**WORK TO BE COMPLETED**
Pull every line from the records that has the word "shows" in it.

**INFORMATION GIVEN**
lemma partial_sums_deviation_subset:
  assumes \<epsilon>: "0 < \<epsilon>" and \<gamma>: "0 \<le> \<gamma>" and K: "K \<le> \<gamma>"
    and tail: "tail_moment M (X 1) K \<le> \<epsilon>"
  shows "{\<omega>\<in>space M. \<exists>t\<le>n. 2 * \<epsilon> < \<bar>\<Sum>s=1..t. X s \<omega>\<bar> / (\<gamma> + real t)}
      \<subseteq> {\<omega>\<in>space M. \<exists>t\<in>{1..n}. \<epsilon> \<le> \<bar>\<Sum>s=1..t. centred_truncation \<gamma> s \<omega>\<bar> / (\<gamma> + real t)}
        \<union> {\<omega>\<in>space M. \<exists>s\<in>{1..n}. \<gamma> + real s < \<bar>X s \<omega>\<bar>}"
proof (intro subsetI UnCI)
  fix \<omega> assume "\<omega> \<in> {\<omega>\<in>space M. \<exists>t\<le>n. 2 * \<epsilon> < \<bar>\<Sum>s=1..t. X s \<omega>\<bar> / (\<gamma> + real t)}"
  then obtain t where \<omega>: "\<omega> \<in> space M" and t: "t \<le> n"
    and "2 * \<epsilon> < \<bar>\<Sum>s=1..t. X s \<omega>\<bar> / (\<gamma> + real t)"
    by auto
  moreover from this(3) have "0 < \<gamma> + real t"
    using \<epsilon> \<gamma> by (cases "\<gamma> + real t = 0") auto
  ultimately have deviation: "2 * \<epsilon> * (\<gamma> + real t) < \<bar>\<Sum>s=1..t. X s \<omega>\<bar>"
    by (simp add: pos_less_divide_eq)
  assume "\<omega> \<notin> {\<omega>\<in>space M. \<exists>s\<in>{1..n}. \<gamma> + real s < \<bar>X s \<omega>\<bar>}"
  with \<omega> t have small: "\<bar>X s \<omega>\<bar> \<le> \<gamma> + real s" if "s \<in> {1..t}" for s
    using that by (auto simp: not_less)
  define m where "m s = expectation (\<lambda>\<omega>. truncate (\<gamma> + real s) (X s \<omega>))" for s
  have "(\<Sum>s=1..t. X s \<omega>) = (\<Sum>s=1..t. centred_truncation \<gamma> s \<omega>) + (\<Sum>s=1..t. m s)"
    using small by (simp add: centred_truncation_def m_def truncate_def flip: sum.distrib)
  moreover have "\<bar>m s\<bar> \<le> \<epsilon>" for s
    using abs_expectation_truncate_le[of K "\<gamma> + real s" s] K \<gamma> tail by (simp add: m_def)
  then have "\<bar>\<Sum>s=1..t. m s\<bar> \<le> real t * \<epsilon>"
    using order.trans[OF sum_abs[of m "{1..t}"] sum_mono[of "{1..t}" "\<lambda>s. \<bar>m s\<bar>" "\<lambda>_. \<epsilon>"]]
    by simp
  ultimately have "\<epsilon> * (\<gamma> + real t) \<le> \<bar>\<Sum>s=1..t. centred_truncation \<gamma> s \<omega>\<bar>"
    using deviation \<epsilon> \<gamma> by (smt (verit) abs_triangle_ineq distrib_left mult.commute
        mult_nonneg_nonneg of_nat_0_le_iff)
  moreover have "1 \<le> t"
    using deviation \<epsilon> \<gamma> by (cases t) (auto simp: mult_less_0_iff)
  ultimately show "\<omega> \<in> {\<omega>\<in>space M. \<exists>t\<in>{1..n}. \<epsilon> \<le> \<bar>\<Sum>s=1..t. centred_truncation \<gamma> s \<omega>\<bar> / (\<gamma> + real t)}"
    using \<omega> t \<epsilon> \<gamma> by (auto simp: field_simps intro!: bexI[of _ t])
qed

lemma prob_partial_sums_deviation_le:
  assumes \<epsilon>: "0 < \<epsilon>" and \<gamma>: "0 < \<gamma>" and K: "0 \<le> K" "K \<le> \<gamma>"
    and tail: "tail_moment M (X 1) K \<le> \<epsilon>"
  shows "prob {\<omega>\<in>space M. \<exists>t\<le>n. 2 * \<epsilon> < \<bar>\<Sum>s=1..t. X s \<omega>\<bar> / (\<gamma> + real t)}
      \<le> (K\<^sup>2 / \<gamma> + 2 * tail_moment M (X 1) K) / \<epsilon>\<^sup>2 + tail_moment M (X 1) K"
proof -
  let ?deviate = "{\<omega>\<in>space M. \<exists>t\<in>{1..n}. \<epsilon> \<le> \<bar>\<Sum>s=1..t. centred_truncation \<gamma> s \<omega>\<bar> / (\<gamma> + real t)}"
  let ?exceed = "{\<omega>\<in>space M. \<exists>s\<in>{1..n}. \<gamma> + real s < \<bar>X s \<omega>\<bar>}"
  have "prob {\<omega>\<in>space M. \<exists>t\<le>n. 2 * \<epsilon> < \<bar>\<Sum>s=1..t. X s \<omega>\<bar> / (\<gamma> + real t)}
      \<le> prob (?deviate \<union> ?exceed)"
    using partial_sums_deviation_subset[OF \<epsilon> _ K(2) tail] \<gamma> by (intro finite_measure_mono) auto
  also have "\<dots> \<le> prob ?deviate + prob ?exceed"
    by (intro measure_Un_le) measurable
  also have "\<dots> \<le> (K\<^sup>2 / \<gamma> + 2 * tail_moment M (X 1) K) / \<epsilon>\<^sup>2 + tail_moment M (X 1) K"
    using prob_centred_truncation_deviation_le[OF \<gamma> K(1) \<epsilon>, of n] prob_exceed_le_tail_moment[of \<gamma> K n] \<epsilon> \<gamma> K
    by (intro add_mono) (auto simp: field_simps)
  finally show ?thesis .
qed

theorem maximal_inequality:
  assumes \<epsilon>: "0 < \<epsilon>" and \<gamma>: "1 \<le> \<gamma>"
    and tail: "tail_moment M (X 1) (\<gamma> powr (1/3)) \<le> \<epsilon>"
  shows "prob {\<omega>\<in>space M. \<exists>t. 2 * \<epsilon> < \<bar>\<Sum>s=1..t. X s \<omega>\<bar> / (\<gamma> + real t)}
      \<le> 8 / \<epsilon>\<^sup>2 * \<gamma> powr (-1/3) + (16 / \<epsilon>\<^sup>2 + 2) * tail_moment M (X 1) (\<gamma> powr (1/3))"
proof -
  define E where "E n = {\<omega>\<in>space M. \<exists>t\<le>n. 2 * \<epsilon> < \<bar>\<Sum>s=1..t. X s \<omega>\<bar> / (\<gamma> + real t)}" for n
  have [measurable]: "E n \<in> sets M" for n unfolding E_def by measurable
  have "(\<lambda>n. prob (E n)) \<longlonglongrightarrow> prob (\<Union>n. E n)"
    by (intro finite_Lim_measure_incseq) (auto simp: incseq_def E_def intro: order.trans)
  moreover have "(\<Union>n. E n) = {\<omega>\<in>space M. \<exists>t. 2 * \<epsilon> < \<bar>\<Sum>s=1..t. X s \<omega>\<bar> / (\<gamma> + real t)}"
    unfolding E_def by auto
  moreover have "prob (E n) \<le> (\<gamma> powr (-1/3) + 2 * tail_moment M (X 1) (\<gamma> powr (1/3))) / \<epsilon>\<^sup>2
      + tail_moment M (X 1) (\<gamma> powr (1/3))" for n
    using prob_partial_sums_deviation_le[where n=n and \<gamma>=\<gamma>, OF \<epsilon> _ _ _ tail] powr_one_third[OF \<gamma>] \<gamma>
    unfolding E_def by simp
  ultimately have "prob {\<omega>\<in>space M. \<exists>t. 2 * \<epsilon> < \<bar>\<Sum>s=1..t. X s \<omega>\<bar> / (\<gamma> + real t)}
      \<le> (\<gamma> powr (-1/3) + 2 * tail_moment M (X 1) (\<gamma> powr (1/3))) / \<epsilon>\<^sup>2
        + tail_moment M (X 1) (\<gamma> powr (1/3))"
    by (metis LIMSEQ_le_const2)
  also have "\<dots> \<le> 8 / \<epsilon>\<^sup>2 * \<gamma> powr (-1/3) + (16 / \<epsilon>\<^sup>2 + 2) * tail_moment M (X 1) (\<gamma> powr (1/3))"
    by (intro maximal_bound_le) (simp_all add: tail_moment_nonneg)
  finally show ?thesis .
qed

theorem average_deviation_inequality:
  assumes \<epsilon>: "0 < \<epsilon>"
  shows "prob {\<omega>\<in>space M. \<epsilon> < \<bar>\<Sum>s=1..k. X s \<omega>\<bar> / real k}
      \<le> 128 / \<epsilon>\<^sup>2 * real k powr (-1/3) + (256 / \<epsilon>\<^sup>2 + 2) * tail_moment M (X 1) (real k powr (1/3))"
proof -
  define r where "r = tail_moment M (X 1) (real k powr (1/3))"
  have bound_nonneg: "0 \<le> 128 / \<epsilon>\<^sup>2 * real k powr (-1/3) + (256 / \<epsilon>\<^sup>2 + 2) * r"
    unfolding r_def by (simp add: tail_moment_nonneg)
  consider "k = 0" | "k \<noteq> 0" "r \<le> \<epsilon> / 4" | "\<epsilon> / 4 < r" by linarith
  then show ?thesis
  proof cases
    case 1
    then show ?thesis using \<epsilon> bound_nonneg by (simp add: r_def)
  next
    case 2
    have "{\<omega>\<in>space M. \<epsilon> < \<bar>\<Sum>s=1..k. X s \<omega>\<bar> / real k}
        \<subseteq> {\<omega>\<in>space M. \<exists>t. 2 * (\<epsilon> / 4) < \<bar>\<Sum>s=1..t. X s \<omega>\<bar> / (real k + real t)}"
      by (auto simp: field_simps intro!: exI[of _ k])
    then have "prob {\<omega>\<in>space M. \<epsilon> < \<bar>\<Sum>s=1..k. X s \<omega>\<bar> / real k}
        \<le> prob {\<omega>\<in>space M. \<exists>t. 2 * (\<epsilon> / 4) < \<bar>\<Sum>s=1..t. X s \<omega>\<bar> / (real k + real t)}"
      by (intro finite_measure_mono) measurable
    also have "\<dots> \<le> 8 / (\<epsilon> / 4)\<^sup>2 * real k powr (-1/3) + (16 / (\<epsilon> / 4)\<^sup>2 + 2) * r"
      using 2 \<epsilon> unfolding r_def by (intro maximal_inequality) auto
    also have "\<dots> = 128 / \<epsilon>\<^sup>2 * real k powr (-1/3) + (256 / \<epsilon>\<^sup>2 + 2) * r"
      by (simp add: power_divide)
    finally show ?thesis unfolding r_def .
  next
    case 3
    have "\<epsilon> * 2 \<le> \<epsilon> * \<epsilon> + 128"
      using zero_le_power2[of "\<epsilon> - 1"] by (simp add: power2_eq_square algebra_simps)
    then have "1 \<le> 64 / \<epsilon> + \<epsilon> / 2"
      using \<epsilon> by (simp add: field_simps)
    also have "\<dots> = (256 / \<epsilon>\<^sup>2 + 2) * (\<epsilon> / 4)"
      using \<epsilon> by (simp add: field_simps power2_eq_square)
    also have "\<dots> \<le> 128 / \<epsilon>\<^sup>2 * real k powr (-1/3) + (256 / \<epsilon>\<^sup>2 + 2) * r"
      using 3 by (intro add_increasing mult_left_mono) auto
    finally show ?thesis using prob_le_1 order.trans unfolding r_def by blast
  qed
qed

**OUTPUT OF THE TASK**
  shows "{\<omega>\<in>space M. \<exists>t\<le>n. 2 * \<epsilon> < \<bar>\<Sum>s=1..t. X s \<omega>\<bar> / (\<gamma> + real t)}
  shows "prob {\<omega>\<in>space M. \<exists>t\<le>n. 2 * \<epsilon> < \<bar>\<Sum>s=1..t. X s \<omega>\<bar> / (\<gamma> + real t)}
  shows "prob {\<omega>\<in>space M. \<exists>t. 2 * \<epsilon> < \<bar>\<Sum>s=1..t. X s \<omega>\<bar> / (\<gamma> + real t)}
  shows "prob {\<omega>\<in>space M. \<epsilon> < \<bar>\<Sum>s=1..k. X s \<omega>\<bar> / real k}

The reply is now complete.